#### TASK GOAL
Each line of the data that includes the string "lemma" is to be copied out.
= Beginning of Section =
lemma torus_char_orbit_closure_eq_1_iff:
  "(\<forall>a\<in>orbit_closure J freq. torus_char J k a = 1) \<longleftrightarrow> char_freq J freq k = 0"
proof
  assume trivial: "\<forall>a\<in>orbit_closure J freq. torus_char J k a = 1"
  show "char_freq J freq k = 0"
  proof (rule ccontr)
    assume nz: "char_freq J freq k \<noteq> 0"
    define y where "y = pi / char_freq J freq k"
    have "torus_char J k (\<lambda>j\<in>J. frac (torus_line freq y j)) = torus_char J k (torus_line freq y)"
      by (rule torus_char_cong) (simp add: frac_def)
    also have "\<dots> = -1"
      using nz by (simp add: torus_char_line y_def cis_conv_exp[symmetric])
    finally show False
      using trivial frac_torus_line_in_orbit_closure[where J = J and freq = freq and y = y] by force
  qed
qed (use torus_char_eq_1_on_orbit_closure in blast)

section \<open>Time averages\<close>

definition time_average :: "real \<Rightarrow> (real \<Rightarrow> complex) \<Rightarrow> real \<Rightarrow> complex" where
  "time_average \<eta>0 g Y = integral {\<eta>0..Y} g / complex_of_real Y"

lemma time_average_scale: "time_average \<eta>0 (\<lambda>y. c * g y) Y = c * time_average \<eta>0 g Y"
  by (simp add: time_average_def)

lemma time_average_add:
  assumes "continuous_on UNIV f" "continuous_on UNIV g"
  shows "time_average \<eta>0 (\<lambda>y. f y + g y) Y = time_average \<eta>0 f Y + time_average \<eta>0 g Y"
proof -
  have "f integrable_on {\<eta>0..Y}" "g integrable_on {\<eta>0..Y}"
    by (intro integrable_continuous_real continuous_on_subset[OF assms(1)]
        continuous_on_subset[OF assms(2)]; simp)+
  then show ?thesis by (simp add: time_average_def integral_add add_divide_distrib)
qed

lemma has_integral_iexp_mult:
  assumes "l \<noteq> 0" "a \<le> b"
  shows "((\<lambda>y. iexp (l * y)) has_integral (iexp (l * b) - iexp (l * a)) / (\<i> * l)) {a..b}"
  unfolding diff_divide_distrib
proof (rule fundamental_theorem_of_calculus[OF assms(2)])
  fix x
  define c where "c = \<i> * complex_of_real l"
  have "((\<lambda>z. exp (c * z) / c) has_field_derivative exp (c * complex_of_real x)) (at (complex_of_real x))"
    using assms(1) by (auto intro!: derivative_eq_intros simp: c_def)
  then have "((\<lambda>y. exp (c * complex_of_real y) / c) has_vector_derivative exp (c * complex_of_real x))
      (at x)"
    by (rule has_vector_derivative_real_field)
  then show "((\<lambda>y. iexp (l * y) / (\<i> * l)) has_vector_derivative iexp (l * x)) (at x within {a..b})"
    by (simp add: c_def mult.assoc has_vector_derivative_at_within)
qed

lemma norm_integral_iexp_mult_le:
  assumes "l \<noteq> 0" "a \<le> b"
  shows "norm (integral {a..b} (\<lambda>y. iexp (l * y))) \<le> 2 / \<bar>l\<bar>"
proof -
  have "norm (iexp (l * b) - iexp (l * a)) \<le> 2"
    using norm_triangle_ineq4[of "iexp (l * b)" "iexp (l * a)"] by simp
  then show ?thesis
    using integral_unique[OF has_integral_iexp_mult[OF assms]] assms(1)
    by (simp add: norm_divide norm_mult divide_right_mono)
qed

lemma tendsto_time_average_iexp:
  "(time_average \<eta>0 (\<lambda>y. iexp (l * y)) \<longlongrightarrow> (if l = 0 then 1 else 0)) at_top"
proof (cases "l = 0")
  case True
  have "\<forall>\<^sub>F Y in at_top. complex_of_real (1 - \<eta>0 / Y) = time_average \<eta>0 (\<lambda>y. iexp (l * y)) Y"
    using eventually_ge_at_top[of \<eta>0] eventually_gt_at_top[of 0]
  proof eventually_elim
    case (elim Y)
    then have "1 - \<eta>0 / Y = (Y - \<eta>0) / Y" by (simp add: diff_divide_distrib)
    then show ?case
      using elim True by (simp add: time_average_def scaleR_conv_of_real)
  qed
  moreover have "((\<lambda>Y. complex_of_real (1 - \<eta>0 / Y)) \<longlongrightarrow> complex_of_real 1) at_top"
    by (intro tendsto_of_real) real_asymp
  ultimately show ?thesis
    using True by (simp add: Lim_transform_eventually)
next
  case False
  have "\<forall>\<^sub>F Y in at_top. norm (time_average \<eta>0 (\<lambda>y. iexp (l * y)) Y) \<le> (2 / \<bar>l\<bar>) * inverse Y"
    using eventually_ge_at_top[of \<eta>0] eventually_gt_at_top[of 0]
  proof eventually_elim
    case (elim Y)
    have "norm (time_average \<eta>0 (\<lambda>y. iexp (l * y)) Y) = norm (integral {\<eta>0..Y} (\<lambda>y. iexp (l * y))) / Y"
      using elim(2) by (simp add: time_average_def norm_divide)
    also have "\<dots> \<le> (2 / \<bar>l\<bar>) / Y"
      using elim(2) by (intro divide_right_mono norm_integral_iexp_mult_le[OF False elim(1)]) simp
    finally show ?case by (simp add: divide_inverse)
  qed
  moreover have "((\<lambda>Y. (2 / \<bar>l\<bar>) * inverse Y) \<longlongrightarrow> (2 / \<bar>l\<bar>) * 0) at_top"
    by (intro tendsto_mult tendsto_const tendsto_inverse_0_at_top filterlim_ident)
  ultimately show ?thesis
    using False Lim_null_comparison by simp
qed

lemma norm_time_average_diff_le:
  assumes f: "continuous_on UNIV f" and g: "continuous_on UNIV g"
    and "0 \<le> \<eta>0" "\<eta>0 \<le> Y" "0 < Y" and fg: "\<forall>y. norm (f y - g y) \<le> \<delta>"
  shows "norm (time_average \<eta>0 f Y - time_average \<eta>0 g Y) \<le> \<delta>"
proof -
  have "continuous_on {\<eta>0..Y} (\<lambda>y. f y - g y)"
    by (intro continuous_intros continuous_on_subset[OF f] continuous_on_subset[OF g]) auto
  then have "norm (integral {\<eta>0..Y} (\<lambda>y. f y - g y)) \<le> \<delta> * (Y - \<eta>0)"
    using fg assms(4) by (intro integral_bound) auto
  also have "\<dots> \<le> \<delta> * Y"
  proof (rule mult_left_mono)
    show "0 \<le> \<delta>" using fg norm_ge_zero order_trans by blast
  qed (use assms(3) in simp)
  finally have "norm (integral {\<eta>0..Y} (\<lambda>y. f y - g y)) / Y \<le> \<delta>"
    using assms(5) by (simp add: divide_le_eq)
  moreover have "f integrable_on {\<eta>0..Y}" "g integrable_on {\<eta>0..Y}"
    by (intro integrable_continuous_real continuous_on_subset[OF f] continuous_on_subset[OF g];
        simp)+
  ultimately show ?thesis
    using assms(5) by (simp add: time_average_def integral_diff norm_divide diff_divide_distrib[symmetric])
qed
= End of Section =
= Beginning of Section =
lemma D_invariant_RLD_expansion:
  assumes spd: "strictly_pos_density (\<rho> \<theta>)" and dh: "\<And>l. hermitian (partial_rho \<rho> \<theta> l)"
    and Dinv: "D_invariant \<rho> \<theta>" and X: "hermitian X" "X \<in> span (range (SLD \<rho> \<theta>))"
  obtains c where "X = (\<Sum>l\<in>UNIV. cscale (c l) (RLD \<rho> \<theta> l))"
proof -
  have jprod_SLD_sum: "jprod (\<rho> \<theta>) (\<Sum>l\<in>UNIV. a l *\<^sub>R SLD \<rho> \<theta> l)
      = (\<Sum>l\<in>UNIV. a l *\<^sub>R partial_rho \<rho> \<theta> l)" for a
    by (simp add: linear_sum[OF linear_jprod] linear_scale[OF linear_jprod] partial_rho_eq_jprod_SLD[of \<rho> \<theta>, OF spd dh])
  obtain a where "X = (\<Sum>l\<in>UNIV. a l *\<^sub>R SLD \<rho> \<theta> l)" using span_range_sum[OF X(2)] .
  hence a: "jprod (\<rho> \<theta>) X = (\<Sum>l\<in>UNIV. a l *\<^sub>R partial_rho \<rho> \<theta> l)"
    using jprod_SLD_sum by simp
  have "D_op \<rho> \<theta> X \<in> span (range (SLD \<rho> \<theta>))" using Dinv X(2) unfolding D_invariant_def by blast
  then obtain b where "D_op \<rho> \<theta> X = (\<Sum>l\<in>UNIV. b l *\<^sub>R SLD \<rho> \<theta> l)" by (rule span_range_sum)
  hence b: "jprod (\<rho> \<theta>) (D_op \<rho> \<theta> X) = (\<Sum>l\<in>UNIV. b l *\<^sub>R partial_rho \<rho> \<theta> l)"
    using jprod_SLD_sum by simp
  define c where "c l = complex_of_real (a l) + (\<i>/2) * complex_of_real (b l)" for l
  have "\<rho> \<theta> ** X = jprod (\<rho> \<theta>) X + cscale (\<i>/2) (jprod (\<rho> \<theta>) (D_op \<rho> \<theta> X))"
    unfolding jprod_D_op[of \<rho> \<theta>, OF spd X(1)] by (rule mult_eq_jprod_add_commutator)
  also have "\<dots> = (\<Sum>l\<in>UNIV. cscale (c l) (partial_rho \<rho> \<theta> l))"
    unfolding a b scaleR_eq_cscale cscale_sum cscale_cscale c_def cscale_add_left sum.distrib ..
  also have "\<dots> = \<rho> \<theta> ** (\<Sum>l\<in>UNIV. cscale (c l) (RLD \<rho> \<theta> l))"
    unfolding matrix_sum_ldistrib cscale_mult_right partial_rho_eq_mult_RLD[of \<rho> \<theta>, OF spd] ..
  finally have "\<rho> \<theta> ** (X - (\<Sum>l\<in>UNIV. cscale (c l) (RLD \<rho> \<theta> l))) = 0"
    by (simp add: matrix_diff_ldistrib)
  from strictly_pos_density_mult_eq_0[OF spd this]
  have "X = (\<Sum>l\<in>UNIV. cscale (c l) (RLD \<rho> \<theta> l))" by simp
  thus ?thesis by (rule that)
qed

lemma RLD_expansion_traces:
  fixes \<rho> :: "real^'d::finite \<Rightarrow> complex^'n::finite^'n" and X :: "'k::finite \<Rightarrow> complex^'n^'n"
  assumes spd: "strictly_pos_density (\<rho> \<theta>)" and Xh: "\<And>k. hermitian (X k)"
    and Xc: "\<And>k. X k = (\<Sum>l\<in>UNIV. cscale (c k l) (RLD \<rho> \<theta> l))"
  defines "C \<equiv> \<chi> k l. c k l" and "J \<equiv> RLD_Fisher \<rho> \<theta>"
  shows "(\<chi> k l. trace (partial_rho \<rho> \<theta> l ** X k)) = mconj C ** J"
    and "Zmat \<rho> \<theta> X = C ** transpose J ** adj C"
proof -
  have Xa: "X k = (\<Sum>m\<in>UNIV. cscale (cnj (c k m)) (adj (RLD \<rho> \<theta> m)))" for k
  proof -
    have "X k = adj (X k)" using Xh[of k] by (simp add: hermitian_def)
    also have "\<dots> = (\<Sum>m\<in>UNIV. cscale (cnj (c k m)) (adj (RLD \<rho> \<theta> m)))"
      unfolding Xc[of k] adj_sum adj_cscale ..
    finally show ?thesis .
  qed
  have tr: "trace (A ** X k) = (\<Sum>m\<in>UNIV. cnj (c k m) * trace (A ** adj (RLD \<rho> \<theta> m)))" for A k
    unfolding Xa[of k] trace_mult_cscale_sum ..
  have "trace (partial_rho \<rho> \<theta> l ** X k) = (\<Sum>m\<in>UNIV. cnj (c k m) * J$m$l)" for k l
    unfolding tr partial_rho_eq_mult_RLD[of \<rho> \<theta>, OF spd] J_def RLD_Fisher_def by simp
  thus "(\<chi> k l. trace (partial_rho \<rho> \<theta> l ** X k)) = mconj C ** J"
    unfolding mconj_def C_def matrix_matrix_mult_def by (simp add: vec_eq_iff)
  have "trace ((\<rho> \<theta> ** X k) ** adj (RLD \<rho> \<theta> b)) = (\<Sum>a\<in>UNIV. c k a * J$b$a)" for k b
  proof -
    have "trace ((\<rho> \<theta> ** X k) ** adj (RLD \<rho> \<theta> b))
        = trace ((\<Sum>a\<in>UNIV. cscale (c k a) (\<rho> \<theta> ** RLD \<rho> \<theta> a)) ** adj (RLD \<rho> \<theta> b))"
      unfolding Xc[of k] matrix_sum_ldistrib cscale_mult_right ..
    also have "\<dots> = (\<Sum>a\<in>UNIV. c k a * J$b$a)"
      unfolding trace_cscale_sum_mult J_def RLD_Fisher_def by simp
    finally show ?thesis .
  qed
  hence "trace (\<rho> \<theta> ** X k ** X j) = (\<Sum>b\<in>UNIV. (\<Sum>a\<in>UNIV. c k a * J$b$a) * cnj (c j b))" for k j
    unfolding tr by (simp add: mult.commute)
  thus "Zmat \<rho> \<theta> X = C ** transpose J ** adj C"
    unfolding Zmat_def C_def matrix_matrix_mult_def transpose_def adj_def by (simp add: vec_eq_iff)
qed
= End of Section =
#### TASK ANSWER
lemma torus_char_orbit_closure_eq_1_iff:
lemma time_average_scale: "time_average \<eta>0 (\<lambda>y. c * g y) Y = c * time_average \<eta>0 g Y"
lemma time_average_add:
lemma has_integral_iexp_mult:
lemma norm_integral_iexp_mult_le:
lemma tendsto_time_average_iexp:
lemma norm_time_average_diff_le:
lemma D_invariant_RLD_expansion:
lemma RLD_expansion_traces:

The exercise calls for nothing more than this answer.